There are plenty of chatbots out there like Siri, Corsara, Alexa etc. But these all have 1 major thing in common. They are geared towards being “assistants”. Thus, they pretty much only do question / answer type chat, and commands. Like “turn on the light” or “what’s the weather like?”. Useful for sure. But it’s not very “human-like”.

It’s been a dream of mine to create a chat-bot geared towards, emotions and human interaction for quite some time. But you have to start somewhere.

The first major goal of many, is simply to qualify for the Loebner prize.

To qualify the bot must easily handle the following question types:

My name is Bill. What is your name?
How many letters are there in the name Bill?
How many letters are there in my name?
Which is larger, an apple or a watermelon?
How much is 3 + 2?
How much is three plus two?
What is my name?
If John is taller than Mary, who is the shorter?
If it were 3:15 AM now, what time would it be in 60 minutes?
My friend John likes to fish for trout. What does John like to fish for?
What number comes after seventeen?
What is the name of my friend who fishes for trout?
What would I use to put a nail into a wall?
What is the 3rd letter in the alphabet?
What time is it now?

However before we can start building an advanced emotional AI, we’ll have to start at step 1. Natural language processing. A chat bot isn’t much if it can’t understand what we’re trying to say to it!
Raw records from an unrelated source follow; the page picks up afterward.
lemma kernel_subset_dual_code:
  assumes v: "v \<in> F2vecs n" and ker: "mat_vec k n G v = (\<lambda>_. False)"
  shows "v \<in> dual_code n (gen_code k n G)"
proof -
  have "\<not> f2inner n (encode k n G m) v" for m
  proof -
    let ?I = "{i. i < k \<and> m i}" and ?J = "{j. j < n \<and> v j}"
    let ?c = "\<lambda>j. card {i\<in>?I. G i j}"
    have card_filter: "finite A \<Longrightarrow> card {x\<in>A. P x} = (\<Sum>x\<in>A. of_bool (P x))" for A and P :: "nat \<Rightarrow> bool"
      by (simp add: sum.If_cases Int_def conj_commute)
    have "(\<Sum>j\<in>?J. ?c j) = (\<Sum>j\<in>?J. \<Sum>i\<in>?I. of_bool (G i j))"
      by (rule sum.cong[OF refl], rule card_filter) simp
    also have "\<dots> = (\<Sum>i\<in>?I. \<Sum>j\<in>?J. of_bool (G i j))"
      by (rule sum.swap)
    also have "\<dots> = (\<Sum>i\<in>?I. card {j\<in>?J. G i j})"
      by (rule sum.cong[OF refl], rule card_filter[symmetric]) simp
    finally have double_count: "(\<Sum>j\<in>?J. ?c j) = (\<Sum>i\<in>?I. card {j\<in>?J. G i j})" .
    have rows_even: "even (card {j\<in>?J. G i j})" if "i \<in> ?I" for i
    proof -
      have "{j. j < n \<and> G i j \<and> v j} = {j\<in>?J. G i j}" by auto
      then show ?thesis using that fun_cong[OF ker, of i] unfolding mat_vec_def by auto
    qed
    have "even (\<Sum>i\<in>?I. card {j\<in>?J. G i j})"
      using rows_even by (rule dvd_sum)
    then have "even (card {j\<in>?J. odd (?c j)})"
      using even_card_filter_odd_iff[of ?J ?c] double_count by simp
    moreover have "{i. i < n \<and> encode k n G m i \<and> v i} = {j\<in>?J. odd (?c j)}"
      unfolding encode_def by (auto intro!: arg_cong[where f = "\<lambda>A. odd (card A)"])
    ultimately show ?thesis unfolding f2inner_def by simp
  qed
  then show ?thesis using v unfolding dual_code_def gen_code_def by auto
qed

lemma card_fibre_mat_vec_le_kernel:
  "card {x\<in>F2vecs n. mat_vec k n G x = y} \<le> card {v\<in>F2vecs n. mat_vec k n G v = (\<lambda>_. False)}"
proof (cases "{x\<in>F2vecs n. mat_vec k n G x = y} = {}")
  case True
  then show ?thesis unfolding True by simp
next
  case False
  then obtain x0 where x0: "x0 \<in> F2vecs n" "mat_vec k n G x0 = y" by auto
  have "inj_on (\<lambda>x. f2_add x x0) {x\<in>F2vecs n. mat_vec k n G x = y}"
    by (rule inj_onI) (metis f2_add_cancel)
  moreover have "(\<lambda>x. f2_add x x0) ` {x\<in>F2vecs n. mat_vec k n G x = y}
      \<subseteq> {v\<in>F2vecs n. mat_vec k n G v = (\<lambda>_. False)}"
    using x0 by (auto simp: f2_add_in_F2vecs mat_vec_add) (simp add: f2_add_def)
  ultimately show ?thesis by (rule card_inj_on_le) (simp add: finite_F2vecs)
qed

lemma two_pow_le_card_dual_code: "2 ^ n \<le> card (dual_code n (gen_code k n G)) * 2 ^ k"
proof -
  let ?f = "mat_vec k n G"
  let ?K = "{v\<in>F2vecs n. ?f v = (\<lambda>_. False)}"
  have fibres: "F2vecs n = (\<Union>y\<in>?f ` F2vecs n. {x\<in>F2vecs n. ?f x = y})" by auto
  have "card (F2vecs n) \<le> (\<Sum>y\<in>?f ` F2vecs n. card {x\<in>F2vecs n. ?f x = y})"
    by (subst fibres) (rule card_UN_le, rule finite_imageI, rule finite_F2vecs)
  also have "\<dots> \<le> (\<Sum>y\<in>?f ` F2vecs n. card ?K)"
    by (rule sum_mono) (rule card_fibre_mat_vec_le_kernel)
  also have "\<dots> = card (?f ` F2vecs n) * card ?K"
    by simp
  also have "\<dots> \<le> card (F2vecs k) * card (dual_code n (gen_code k n G))"
  proof (rule mult_mono)
    show "card (?f ` F2vecs n) \<le> card (F2vecs k)"
      by (rule card_mono[OF finite_F2vecs]) (auto intro: mat_vec_in_F2vecs)
    show "card ?K \<le> card (dual_code n (gen_code k n G))"
      using kernel_subset_dual_code finite_F2vecs
      by (intro card_mono) (auto simp: dual_code_def intro: finite_subset)
  qed auto
  finally show ?thesis by (simp add: card_F2vecs mult.commute)
qed

lemma prob_eq_sum_pmf:
  assumes "finite S" "set_pmf Z \<subseteq> S"
  shows "measure_pmf.prob Z A = (\<Sum>z\<in>S \<inter> A. pmf Z z)"
proof -
  have "(S \<inter> A) \<inter> set_pmf Z = A \<inter> set_pmf Z"
    using assms(2) by auto
  then have "measure_pmf.prob Z A = measure_pmf.prob Z ((S \<inter> A) \<inter> set_pmf Z)"
    by (simp add: measure_Int_set_pmf)
  also have "\<dots> = (\<Sum>z\<in>S \<inter> A. pmf Z z)"
    using assms(1) by (simp add: measure_Int_set_pmf measure_measure_pmf_finite)
  finally show ?thesis .
qed

lemma sum_pmf_diff_le_tv_dist_on:
  assumes S: "finite S" and P: "set_pmf P \<subseteq> S" and Q: "set_pmf Q \<subseteq> S" and T: "T \<subseteq> S"
  shows "(\<Sum>x\<in>T. pmf P x) - (\<Sum>x\<in>T. pmf Q x) \<le> tv_dist_on S P Q"
proof -
  let ?d = "\<lambda>x. pmf P x - pmf Q x"
  have split: "(\<Sum>x\<in>S. f x) = (\<Sum>x\<in>T. f x) + (\<Sum>x\<in>S-T. f x)" for f :: "'a \<Rightarrow> real"
    using sum.subset_diff[OF T S, of f] by (simp add: add.commute)
  have "(\<Sum>x\<in>T. ?d x) + (\<Sum>x\<in>S-T. ?d x) = 0"
    using split[of ?d] sum_pmf_eq_1[OF S P] sum_pmf_eq_1[OF S Q] by (simp add: sum_subtractf)
  moreover have "(\<Sum>x\<in>T. ?d x) \<le> (\<Sum>x\<in>T. \<bar>?d x\<bar>)"
    by (rule sum_mono) simp
  moreover have "- (\<Sum>x\<in>S-T. ?d x) \<le> (\<Sum>x\<in>S-T. \<bar>?d x\<bar>)"
    unfolding sum_negf[symmetric] by (rule sum_mono) simp
  ultimately show ?thesis
    using split[of "\<lambda>x. \<bar>?d x\<bar>"] unfolding tv_dist_on_def by (simp add: sum_subtractf)
qed

lemma prob_mat_vec_preimage_le:
  assumes tv: "tv_dist_on (F2vecs k) (map_pmf (mat_vec k n G) Z) (pmf_of_set (F2vecs k)) \<le> \<epsilon>"
    and T: "T \<subseteq> F2vecs k"
  shows "measure_pmf.prob Z (mat_vec k n G -` T) \<le> real (card T) / 2 ^ k + \<epsilon>"
proof -
  let ?P = "map_pmf (mat_vec k n G) Z" and ?U = "pmf_of_set (F2vecs k)"
  have ne: "F2vecs k \<noteq> {}" using card_F2vecs[of k] by auto
  have fT: "finite T" using T finite_F2vecs finite_subset by blast
  have sP: "set_pmf ?P \<subseteq> F2vecs k" and sU: "set_pmf ?U \<subseteq> F2vecs k"
    using ne by (auto simp: mat_vec_in_F2vecs finite_F2vecs)
  have "measure_pmf.prob Z (mat_vec k n G -` T) = (\<Sum>x\<in>T. pmf ?P x)"
    using fT by (simp add: measure_measure_pmf_finite[symmetric])
  also have "\<dots> \<le> (\<Sum>x\<in>T. pmf ?U x) + \<epsilon>"
    using sum_pmf_diff_le_tv_dist_on[OF finite_F2vecs sP sU T] tv by linarith
  also have "(\<Sum>x\<in>T. pmf ?U x) = real (card T) / 2 ^ k"
    using T ne by (simp add: finite_F2vecs card_F2vecs subset_eq)
  finally show ?thesis .
qed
Cleaning up your messy language!

Before we start analyzing the text, it helps a lot to clean and normalize it. This process is very simple, yet time-consuming to create. Luckily the internet exists and amazing people have already created text files for these things. Such as

  • translating British and Canadian english into American english.
  • Correcting over 4600 often misspelled words.
  • translate texting contractions such as ‘cuz’ to ‘because’
  • and normalize the text. Translating a lot synonyms and sayings into a consistent outcome.
  • numbers such as ‘seventeen’ to ‘17’

I decided to create an NPM package out of this called chatbot-normalizer

After we got a normalized sentence, I burst out punctuation. (this makes it easier to deal with the words in the message)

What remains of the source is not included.